━━━━━ Extracted data ━━━━━

lemma SubOpt_eq_top:
  assumes "q \<in> policies" "J \<eta> r pref q = ereal a" "J \<eta> r pref p = - \<infinity>"
  shows "SubOpt \<eta> r pref p = \<top>"
proof -
  have "ereal a \<le> (SUP q\<in>policies. J \<eta> r pref q)"
    using assms(1,2) by (metis SUP_upper)
  then have "(SUP q\<in>policies. J \<eta> r pref q) - J \<eta> r pref p = \<infinity>"
    using assms(3) by (cases "SUP q\<in>policies. J \<eta> r pref q") auto
  then show ?thesis
    unfolding SubOpt_def by simp
qed

lemma SubOpt_bern_sum_ge:
  assumes d: "0 < d" "d < 1" and "0 < \<eta>" and p\<^sub>1: "0 < p\<^sub>1" "p\<^sub>1 < 1" and p\<^sub>2: "0 < p\<^sub>2" "p\<^sub>2 < 1"
    and gap: "\<And>p. 0 < p \<Longrightarrow> p < 1 \<Longrightarrow>
      g \<le> (J_bern \<eta> r\<^sub>1 d p\<^sub>1 - J_bern \<eta> r\<^sub>1 d p) + (J_bern \<eta> r\<^sub>2 d p\<^sub>2 - J_bern \<eta> r\<^sub>2 d p)"
    and "q \<in> policies"
  shows "ennreal g \<le> SubOpt \<eta> r\<^sub>1 (bern d) q + SubOpt \<eta> r\<^sub>2 (bern d) q"
proof -
  obtain p where q: "q = bern p" "0 \<le> p" "p \<le> 1"
    using policiesE_bern[OF \<open>q \<in> policies\<close>] .
  have best1: "bern p\<^sub>1 \<in> policies" "J \<eta> r\<^sub>1 (bern d) (bern p\<^sub>1) = ereal (J_bern \<eta> r\<^sub>1 d p\<^sub>1)"
    using p\<^sub>1 d \<open>0 < \<eta>\<close> by (auto intro: bern_in_policies J_of_bern)
  have best2: "bern p\<^sub>2 \<in> policies" "J \<eta> r\<^sub>2 (bern d) (bern p\<^sub>2) = ereal (J_bern \<eta> r\<^sub>2 d p\<^sub>2)"
    using p\<^sub>2 d \<open>0 < \<eta>\<close> by (auto intro: bern_in_policies J_of_bern)
  consider "p = 0 \<or> p = 1" | "0 < p" "p < 1"
    using q by linarith
  then show ?thesis
  proof cases
    case 1
    then have "SubOpt \<eta> r\<^sub>1 (bern d) q = \<top>"
      using SubOpt_eq_top[OF best1] J_of_bern_degenerate d \<open>0 < \<eta>\<close> q by blast
    then show ?thesis
      by simp
  next
    case 2
    have "ennreal g \<le> ennreal (J_bern \<eta> r\<^sub>1 d p\<^sub>1 - J_bern \<eta> r\<^sub>1 d p) + ennreal (J_bern \<eta> r\<^sub>2 d p\<^sub>2 - J_bern \<eta> r\<^sub>2 d p)"
      using gap[OF 2] by (auto simp: ennreal_plus_if intro: ennreal_leI)
    also have "\<dots> \<le> SubOpt \<eta> r\<^sub>1 (bern d) q + SubOpt \<eta> r\<^sub>2 (bern d) q"
      using SubOpt_ge[OF best1] SubOpt_ge[OF best2] J_of_bern[OF d 2 \<open>0 < \<eta>\<close>] q by (simp add: add_mono)
    finally show ?thesis .
  qed
qed

lemma SubOpt_sum_ge_small_eta:
  fixes d \<eta> R :: real
  assumes "0 < d" "d \<le> 1/32" "0 < \<eta>" "0 < R" "R * \<eta> \<le> 1/5" "q \<in> policies"
  shows "ennreal (R\<^sup>2 * \<eta> * d / 32)
    \<le> SubOpt \<eta> (\<lambda>a. if a then R else 0) (bern d) q + SubOpt \<eta> (\<lambda>_. 0) (bern d) q"
proof (rule SubOpt_bern_sum_ge[where p\<^sub>1 = "d + R * \<eta> * d / 2" and p\<^sub>2 = d])
  have "R * \<eta> * d \<le> 1/5 * (1/32)"
    using assms by (intro mult_mono) auto
  then show "d + R * \<eta> * d / 2 < 1"
    using assms by linarith
  have "0 \<le> R * \<eta> * d"
    using assms by simp
  then show "0 < d + R * \<eta> * d / 2"
    using assms by linarith
  fix p :: real
  assume "0 < p" "p < 1"
  then show "R\<^sup>2 * \<eta> * d / 32
    \<le> (J_bern \<eta> (\<lambda>a. if a then R else 0) d (d + R * \<eta> * d / 2) - J_bern \<eta> (\<lambda>a. if a then R else 0) d p)
      + (J_bern \<eta> (\<lambda>_. 0) d d - J_bern \<eta> (\<lambda>_. 0) d p)"
    using tilt_gain_ge[of d \<eta> R] penalized_tilt_le[of d p \<eta> R] assms
    by (simp add: J_bern_def binary_KL_self algebra_simps)
qed (use assms in auto)

lemma SubOpt_sum_ge_large_eta:
  fixes d \<eta> :: real
  assumes "0 < d" "d \<le> 1/32" "8 \<le> \<eta>" "q \<in> policies"
  shows "ennreal (1/10) \<le> SubOpt \<eta> (\<lambda>a. if a then 1 else 1/2) (bern d) q
    + SubOpt \<eta> (\<lambda>a. if a then 0 else 1/2) (bern d) q"
proof (rule SubOpt_bern_sum_ge[where p\<^sub>1 = "1/2" and p\<^sub>2 = d])
  have "binary_KL d (1/2) \<le> (d - 1/2)\<^sup>2 / (1/2 * (1 - 1/2))"
    using binary_KL_le_chi_square[of d "1/2"] assms by simp
  also have "\<dots> \<le> 1"
    using assms by (simp add: power2_eq_square field_simps)
  finally have "binary_KL d (1/2) / \<eta> \<le> 1/8"
    using assms by (simp add: field_simps)
  moreover fix p :: real
  assume "0 < p" "p < 1"
  moreover have "0 \<le> binary_KL d p / \<eta>"
    using binary_KL_nonneg[of d p] \<open>0 < p\<close> \<open>p < 1\<close> assms by simp
  moreover have "(J_bern \<eta> (\<lambda>a. if a then 1 else 1/2) d (1/2) - J_bern \<eta> (\<lambda>a. if a then 1 else 1/2) d p)
      + (J_bern \<eta> (\<lambda>a. if a then 0 else 1/2) d d - J_bern \<eta> (\<lambda>a. if a then 0 else 1/2) d p)
      = 1/4 - d/2 - binary_KL d (1/2) / \<eta> + 2 * (binary_KL d p / \<eta>)"
    using assms by (simp add: J_bern_def binary_KL_self field_simps)
  ultimately show "1/10 \<le> (J_bern \<eta> (\<lambda>a. if a then 1 else 1/2) d (1/2) - J_bern \<eta> (\<lambda>a. if a then 1 else 1/2) d p)
      + (J_bern \<eta> (\<lambda>a. if a then 0 else 1/2) d d - J_bern \<eta> (\<lambda>a. if a then 0 else 1/2) d p)"
    using assms by linarith
qed (use assms in auto)
(* Let $G$ be a torsion-free locally compact abelian group such that $G_{op}=G$, and let $G^{*}$ be its minimal divisible extension. Then $G^{*}_{op}=G^{*}$.
   Context: A subgroup $H$ of an abelian group $G$ is pure if $nH=H\cap nG$ for every positive integer $n$. For an LCA group $G$, $G_{op}$ denotes the intersection of all open pure subgroups of $G$. For an LCA group $G$, $G^{*}$ denotes the minimal divisible extension (divisible hull) of $G$, topologized as an LCA group containing $G$ as an open subgroup (as in Hewitt–Ross 4.18.h). *)

theory Defs
  imports "HOL-Analysis.Analysis" "HOL-Algebra.Algebra"
begin

text \<open>Abelian groups are written multiplicatively (HOL-Algebra); the additive
 multiple n x of the paper is x [^] n here.\<close>

definition topological_comm_group :: "('a, 'b) monoid_scheme \<Rightarrow> 'a topology \<Rightarrow> bool" where
  "topological_comm_group G T \<longleftrightarrow>
     comm_group G \<and> topspace T = carrier G \<and>
     continuous_map (prod_topology T T) T (\<lambda>(x, y). x \<otimes>\<^bsub>G\<^esub> y) \<and>
     continuous_map T T (\<lambda>x. inv\<^bsub>G\<^esub> x)"

definition LCA_group :: "('a, 'b) monoid_scheme \<Rightarrow> 'a topology \<Rightarrow> bool" where
  "LCA_group G T \<longleftrightarrow> topological_comm_group G T \<and> Hausdorff_space T \<and> locally_compact_space T"

definition multiples :: "('a, 'b) monoid_scheme \<Rightarrow> nat \<Rightarrow> 'a set \<Rightarrow> 'a set" where
  "multiples G n H = (\<lambda>x. x [^]\<^bsub>G\<^esub> n) ` H"

definition pure_subgroup :: "'a set \<Rightarrow> ('a, 'b) monoid_scheme \<Rightarrow> bool" where
  "pure_subgroup H G \<longleftrightarrow> subgroup H G \<and>
     (\<forall>n::nat. n > 0 \<longrightarrow> multiples G n H = H \<inter> multiples G n (carrier G))"

definition G_op :: "('a, 'b) monoid_scheme \<Rightarrow> 'a topology \<Rightarrow> 'a set" where
  "G_op G T = \<Inter> {H. pure_subgroup H G \<and> openin T H}"

definition torsion_free :: "('a, 'b) monoid_scheme \<Rightarrow> bool" where
  "torsion_free G \<longleftrightarrow> (\<forall>x\<in>carrier G. \<forall>n::nat. n > 0 \<longrightarrow> x [^]\<^bsub>G\<^esub> n = \<one>\<^bsub>G\<^esub> \<longrightarrow> x = \<one>\<^bsub>G\<^esub>)"

definition divisible_group :: "('a, 'b) monoid_scheme \<Rightarrow> bool" where
  "divisible_group G \<longleftrightarrow> (\<forall>x\<in>carrier G. \<forall>n::nat. n > 0 \<longrightarrow> (\<exists>y\<in>carrier G. y [^]\<^bsub>G\<^esub> n = x))"

text \<open>(H, TH) is the minimal divisible extension G* of the LCA group (G, TG), via the
 embedding f: H is an abelian topological group, f is an injective homomorphism
 which is a homeomorphism of G onto the open subgroup f(G) of H, H is divisible, and
 H is an essential extension of f(G) (every nonzero cyclic subgroup of H meets f(G)
 nontrivially), i.e. H is a minimal divisible extension (divisible hull) of G.\<close>
definition minimal_divisible_extension ::
  "('a, 'b) monoid_scheme \<Rightarrow> 'a topology \<Rightarrow> ('c, 'd) monoid_scheme \<Rightarrow> 'c topology \<Rightarrow> ('a \<Rightarrow> 'c) \<Rightarrow> bool" where
  "minimal_divisible_extension G TG H TH f \<longleftrightarrow>
     LCA_group H TH \<and>
     f \<in> hom G H \<and> inj_on f (carrier G) \<and>
     openin TH (f ` carrier G) \<and>
     homeomorphic_map TG (subtopology TH (f ` carrier G)) f \<and>
     divisible_group H \<and>
     (\<forall>h\<in>carrier H. h \<noteq> \<one>\<^bsub>H\<^esub> \<longrightarrow>
        (\<exists>n::int. h [^]\<^bsub>H\<^esub> n \<in> f ` carrier G \<and> h [^]\<^bsub>H\<^esub> n \<noteq> \<one>\<^bsub>H\<^esub>))"

end

theory Submission
  imports Defs
begin

text \<open>Let P be an open pure subgroup of G*. Since G* is torsion-free (it is an essential
 extension of the torsion-free group G), roots in G* are unique, so P is closed under
 taking roots and its preimage in G is again pure; it is also open, hence all of G because
 G_op = G. Thus P contains G, and as every element of G* has a nonzero multiple in G,
 closure under roots gives P = G*.\<close>

definition essential_subset :: "'a set \<Rightarrow> ('a, 'b) monoid_scheme \<Rightarrow> bool" where
  "essential_subset S G \<longleftrightarrow>
     (\<forall>h\<in>carrier G. h \<noteq> \<one>\<^bsub>G\<^esub> \<longrightarrow> (\<exists>n::int. h [^]\<^bsub>G\<^esub> n \<in> S \<and> h [^]\<^bsub>G\<^esub> n \<noteq> \<one>\<^bsub>G\<^esub>))"

lemma (in group) int_pow_in_subgroup_imp_nat_pow_abs:
  assumes "subgroup P G" "x \<in> carrier G" "x [^] (k::int) \<in> P"
  shows "x [^] nat \<bar>k\<bar> \<in> P"
proof (cases "k < 0")
  case True
  then have "x [^] nat \<bar>k\<bar> = inv (x [^] k)"
    using assms(2) by (simp add: int_pow_neg[symmetric] int_pow_int[symmetric])
  then show ?thesis using subgroup.m_inv_closed[OF assms(1,3)] by simp
next
  case False
  then show ?thesis using assms(3) by (simp add: int_pow_int[symmetric])
qed

lemma (in group_hom) subgroup_vimage:
  assumes "subgroup P H"
  shows "subgroup {x \<in> carrier G. h x \<in> P} G"
  using assms by (auto intro!: G.subgroupI simp: subgroup.m_closed subgroup.m_inv_closed
      subgroup.one_closed)

lemma torsion_free_nat_pow_eq_imp_eq:
  fixes G (structure)
  assumes "comm_group G" "torsion_free G" "n > 0"
    and "a \<in> carrier G" "b \<in> carrier G" "a [^]\<^bsub>G\<^esub> (n::nat) = b [^]\<^bsub>G\<^esub> n"
  shows "a = b"
proof -
  interpret comm_group G by (fact assms(1))
  have "(a \<otimes> inv b) [^] n = a [^] n \<otimes> inv b [^] n"
    using assms(4,5) by (simp add: pow_mult_distrib m_comm)
  also have "\<dots> = \<one>" using assms(5,6) by (simp add: nat_pow_inv)
  finally have "a \<otimes> inv b = \<one>"
    using assms(2-5) unfolding torsion_free_def by blast
  moreover have "a = (a \<otimes> inv b) \<otimes> b" using assms(4,5) by (simp add: m_assoc)
  ultimately show ?thesis using assms(5) by simp
qed

lemma pure_subgroup_root_closed:
  assumes "comm_group G" "torsion_free G" "pure_subgroup P G"
    and "n > 0" "x \<in> carrier G" "x [^]\<^bsub>G\<^esub> (n::nat) \<in> P"
  shows "x \<in> P"
proof -
  have "x [^]\<^bsub>G\<^esub> n \<in> P \<inter> multiples G n (carrier G)"
    using assms(5,6) unfolding multiples_def by blast
  then obtain p where p: "p \<in> P" "x [^]\<^bsub>G\<^esub> n = p [^]\<^bsub>G\<^esub> n"
    using assms(3,4) unfolding pure_subgroup_def multiples_def by auto
  moreover have "p \<in> carrier G"
    using p(1) assms(3) subgroup.subset unfolding pure_subgroup_def by blast
  ultimately show ?thesis
    using torsion_free_nat_pow_eq_imp_eq[OF assms(1,2,4,5)] by metis
qed

lemma torsion_free_if_essential_embedding:
  assumes "group G" "group H" "torsion_free G" "f \<in> hom G H" "inj_on f (carrier G)"
    and "essential_subset (f ` carrier G) H"
  shows "torsion_free H"
  unfolding torsion_free_def
proof (intro ballI allI impI; rule ccontr)
  fix h and n :: nat
  assume h: "h \<in> carrier H" and n: "n > 0" and "h [^]\<^bsub>H\<^esub> n = \<one>\<^bsub>H\<^esub>" "h \<noteq> \<one>\<^bsub>H\<^esub>"
  interpret group_hom G H f using assms(1,2,4) by (simp add: group_hom_def group_hom_axioms_def)
  obtain m :: int and g where g: "g \<in> carrier G" "f g = h [^]\<^bsub>H\<^esub> m" "f g \<noteq> \<one>\<^bsub>H\<^esub>"
    using assms(6) h \<open>h \<noteq> \<one>\<^bsub>H\<^esub>\<close> unfolding essential_subset_def by (metis imageE)
  have "f (g [^]\<^bsub>G\<^esub> n) = (h [^]\<^bsub>H\<^esub> m) [^]\<^bsub>H\<^esub> (int n)"
    using g by (simp add: hom_nat_pow int_pow_int)
  also have "\<dots> = (h [^]\<^bsub>H\<^esub> (int n)) [^]\<^bsub>H\<^esub> m"
    using h by (simp add: H.int_pow_pow mult.commute)
  also have "\<dots> = \<one>\<^bsub>H\<^esub>" using \<open>h [^]\<^bsub>H\<^esub> n = \<one>\<^bsub>H\<^esub>\<close> by (simp add: int_pow_int)
  finally have "g [^]\<^bsub>G\<^esub> n = \<one>\<^bsub>G\<^esub>"
    using g(1) assms(5) inj_on_one_iff G.nat_pow_closed by blast
  then have "g = \<one>\<^bsub>G\<^esub>" using assms(3) g(1) n unfolding torsion_free_def by blast
  then show False using g(3) by simp
qed

lemma pure_subgroup_vimage:
  assumes "group_hom G H f" "comm_group H" "torsion_free H" "pure_subgroup P H"
  shows "pure_subgroup {x \<in> carrier G. f x \<in> P} G" (is "pure_subgroup ?K G")
proof -
  interpret group_hom G H f by (fact assms(1))
  have P: "subgroup P H" using assms(4) unfolding pure_subgroup_def by blast
  have P_pow_closed: "y [^]\<^bsub>H\<^esub> k \<in> P" if "y \<in> P" for y and k :: nat
    using H.subgroup_int_pow_closed[OF P that, of "int k"] by (simp only: int_pow_int)
  have "multiples G n ?K = ?K \<inter> multiples G n (carrier G)" if "n > 0" for n
  proof
    show "multiples G n ?K \<subseteq> ?K \<inter> multiples G n (carrier G)"
    proof
      fix x assume "x \<in> multiples G n ?K"
      then obtain y where y: "y \<in> carrier G" "f y \<in> P" "x = y [^]\<^bsub>G\<^esub> n"
        unfolding multiples_def by blast
      have "f x \<in> P" using P_pow_closed[OF y(2)] by (simp add: y(1,3) hom_nat_pow)
      moreover have "x \<in> multiples G n (carrier G)"
        unfolding multiples_def y(3) using y(1) by (rule imageI)
      moreover have "x \<in> carrier G" using y(1,3) by simp
      ultimately show "x \<in> ?K \<inter> multiples G n (carrier G)" by blast
    qed
    show "?K \<inter> multiples G n (carrier G) \<subseteq> multiples G n ?K"
    proof
      fix x assume x: "x \<in> ?K \<inter> multiples G n (carrier G)"
      then obtain y where y: "y \<in> carrier G" "x = y [^]\<^bsub>G\<^esub> n"
        unfolding multiples_def by blast
      have "f y [^]\<^bsub>H\<^esub> n \<in> P" using x y by (simp add: hom_nat_pow)
      then have "f y \<in> P"
        by (rule pure_subgroup_root_closed[OF assms(2-4) that hom_closed[OF y(1)]])
      then show "x \<in> multiples G n ?K"
        unfolding multiples_def y(2) using y(1) by (intro imageI) simp
    qed
  qed
  then show ?thesis unfolding pure_subgroup_def using subgroup_vimage[OF P] by blast
qed

lemma pure_subgroup_eq_carrier_if_essential:
  fixes G (structure)
  assumes "comm_group G" "torsion_free G" "pure_subgroup P G"
    and "essential_subset S G" "S \<subseteq> P"
  shows "P = carrier G"
proof
  interpret comm_group G by (fact assms(1))
  have P: "subgroup P G" using assms(3) unfolding pure_subgroup_def by blast
  then show "P \<subseteq> carrier G" by (fact subgroup.subset)
  show "carrier G \<subseteq> P"
  proof
    fix h assume h: "h \<in> carrier G"
    show "h \<in> P"
    proof (cases "h = \<one>")
      case True
      then show ?thesis using subgroup.one_closed[OF P] by simp
    next
      case False
      then obtain k :: int where k: "h [^] k \<in> P" "h [^] k \<noteq> \<one>"
        using assms(4,5) h unfolding essential_subset_def by blast
      then have "nat \<bar>k\<bar> > 0" by (cases "k = 0") auto
      moreover have "h [^] nat \<bar>k\<bar> \<in> P"
        using int_pow_in_subgroup_imp_nat_pow_abs[OF P h k(1)] .
      ultimately show ?thesis
        using pure_subgroup_root_closed[OF assms(1-3) _ h] by blast
    qed
  qed
qed

lemma pure_subgroup_carrier: "group G \<Longrightarrow> pure_subgroup (carrier G) G"
  unfolding pure_subgroup_def multiples_def
  by (auto intro: group.subgroup_self monoid.nat_pow_closed group.is_monoid)

lemma G_op_eq_carrier_iff:
  assumes "group G" "topspace T = carrier G"
  shows "G_op G T = carrier G \<longleftrightarrow> (\<forall>P. pure_subgroup P G \<and> openin T P \<longrightarrow> P = carrier G)"
proof -
  have "pure_subgroup (carrier G) G \<and> openin T (carrier G)"
    using assms pure_subgroup_carrier openin_topspace by metis
  moreover have "P \<subseteq> carrier G" if "pure_subgroup P G" for P
    using that subgroup.subset unfolding pure_subgroup_def by blast
  ultimately show ?thesis unfolding G_op_def by blast
qed

theorem corollary10:
  fixes G :: "('a, 'b) monoid_scheme" and TG :: "'a topology"
    and H :: "('c, 'd) monoid_scheme" and TH :: "'c topology" and f :: "'a \<Rightarrow> 'c"
  assumes "LCA_group G TG"
    and "torsion_free G"
    and "G_op G TG = carrier G"
    and "minimal_divisible_extension G TG H TH f"
  shows "G_op H TH = carrier H"
proof -
  from assms(1) have G: "comm_group G" "topspace TG = carrier G"
    unfolding LCA_group_def topological_comm_group_def by auto
  from assms(4) have H: "comm_group H" "topspace TH = carrier H"
    and f: "f \<in> hom G H" "inj_on f (carrier G)"
    and f_cont: "continuous_map TG TH f"
    and essential: "essential_subset (f ` carrier G) H"
    unfolding minimal_divisible_extension_def LCA_group_def topological_comm_group_def
      essential_subset_def
    by (auto dest: homeomorphic_imp_continuous_map continuous_map_into_fulltopology)
  have groups: "group G" "group H" using G(1) H(1) by (simp_all add: comm_group.axioms(2))
  have f_hom: "group_hom G H f"
    using groups f(1) by (simp add: group_hom_def group_hom_axioms_def)
  have H_tf: "torsion_free H"
    using torsion_free_if_essential_embedding[OF groups assms(2) f essential] .
  have "P = carrier H" if P: "pure_subgroup P H" "openin TH P" for P
  proof -
    have "pure_subgroup {x \<in> carrier G. f x \<in> P} G"
      using pure_subgroup_vimage[OF f_hom H(1) H_tf P(1)] .
    moreover have "openin TG {x \<in> carrier G. f x \<in> P}"
      using openin_continuous_map_preimage[OF f_cont P(2)] G(2) by simp
    ultimately have "{x \<in> carrier G. f x \<in> P} = carrier G"
      using assms(3) G_op_eq_carrier_iff[OF groups(1) G(2)] by blast
    then have "f ` carrier G \<subseteq> P" by blast
    then show ?thesis
      using pure_subgroup_eq_carrier_if_essential[OF H(1) H_tf P(1) essential] by blast
  qed
  then show ?thesis using G_op_eq_carrier_iff[OF groups(2) H(2)] by blast
qed

end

━━━━━

## Problem:
Tally the lines of the entries that carry the word "subseteq" and say only that number.

## Finished task:
7